• **TO DO**
Among the entries below, find the line with "f = (\<Sum>x\<in>cube", then quote it and each following line up to and including the line with "X uniform, Z^1..Z^k", and nothing else.

··· MATERIAL FOR THE TASK

(* Let $n\ge1$, $k\ge2$, $0<\rho<1$, and $m\in\{j/2^n:0\le j\le2^n\}$. Let $Y^1,\dots,Y^k\in\{0,1\}^n$ be $\rho$-correlated uniform binary strings. Then among all Boolean functions $f:\{0,1\}^n\to\{0,1\}$ with $\mathbb{E} f=m$, the agreement probability $\mathbb{P}(f(Y^1)=\cdots=f(Y^k))$ is maximized by some monotone function.
   Context: $\{0,1\}^n$ carries the uniform measure. $Y^1,\dots,Y^k$ are $\rho$-correlated if $Y^i=X+Z^i$ (mod 2 coordinatewise), where $X$ is uniform on $\{0,1\}^n$ and $Z^1,\dots,Z^k$ are independent of each other and of $X$, each with i.i.d. Bernoulli($\epsilon$) coordinates, $\epsilon=(1-\sqrt\rho)/2$. A function $f$ is monotone if $f(x)\le f(y)$ whenever $x_i\le y_i$ for all $i$. *)

theory Defs
  imports Complex_Main "HOL-Library.FuncSet"
begin

text \<open>The Boolean cube \<open>{0,1}^n\<close>, represented as boolean lists of length n
  (True = 1, False = 0).\<close>
definition cube :: "nat \<Rightarrow> bool list set" where
  "cube n = {xs. length xs = n}"

definition xorv :: "bool list \<Rightarrow> bool list \<Rightarrow> bool list" where
  "xorv x z = map2 (\<noteq>) x z"

definition noise_weight :: "real \<Rightarrow> bool list \<Rightarrow> real" where
  "noise_weight eps z = prod_list (map (\<lambda>b. if b then eps else 1 - eps) z)"

definition cube_mean :: "nat \<Rightarrow> (bool list \<Rightarrow> bool) \<Rightarrow> real" where
  "cube_mean n f = (\<Sum>x\<in>cube n. (if f x then 1 else 0)) / 2 ^ n"

text \<open>\<open>P(f(Y^1) = ... = f(Y^k))\<close> for rho-correlated Y^i = X + Z^i,
  X uniform, Z^1..Z^k independent with Bernoulli((1 - sqrt rho)/2) coordinates.\<close>
definition agree_prob :: "nat \<Rightarrow> nat \<Rightarrow> real \<Rightarrow> (bool list \<Rightarrow> bool) \<Rightarrow> real" where
  "agree_prob n k rho f =
     (let eps = (1 - sqrt rho) / 2 in
      \<Sum>x\<in>cube n. \<Sum>Z\<in>(PiE {..<k} (\<lambda>_. cube n)).
        (1 / 2 ^ n) * (\<Prod>i<k. noise_weight eps (Z i)) *
        (if (\<forall>i<k. \<forall>j<k. f (xorv x (Z i)) = f (xorv x (Z j))) then 1 else 0))"

definition monotone_cube :: "nat \<Rightarrow> (bool list \<Rightarrow> bool) \<Rightarrow> bool" where
  "monotone_cube n f \<longleftrightarrow>
     (\<forall>x\<in>cube n. \<forall>y\<in>cube n. (\<forall>i<n. x ! i \<le> y ! i) \<longrightarrow> f x \<le> f y)"

end

theory Submission
  imports Defs
begin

······

• **SOLUTION TO THE EXERCISE**
  "cube_mean n f = (\<Sum>x\<in>cube n. (if f x then 1 else 0)) / 2 ^ n"

text \<open>\<open>P(f(Y^1) = ... = f(Y^k))\<close> for rho-correlated Y^i = X + Z^i,
  X uniform, Z^1..Z^k independent with Bernoulli((1 - sqrt rho)/2) coordinates.\<close>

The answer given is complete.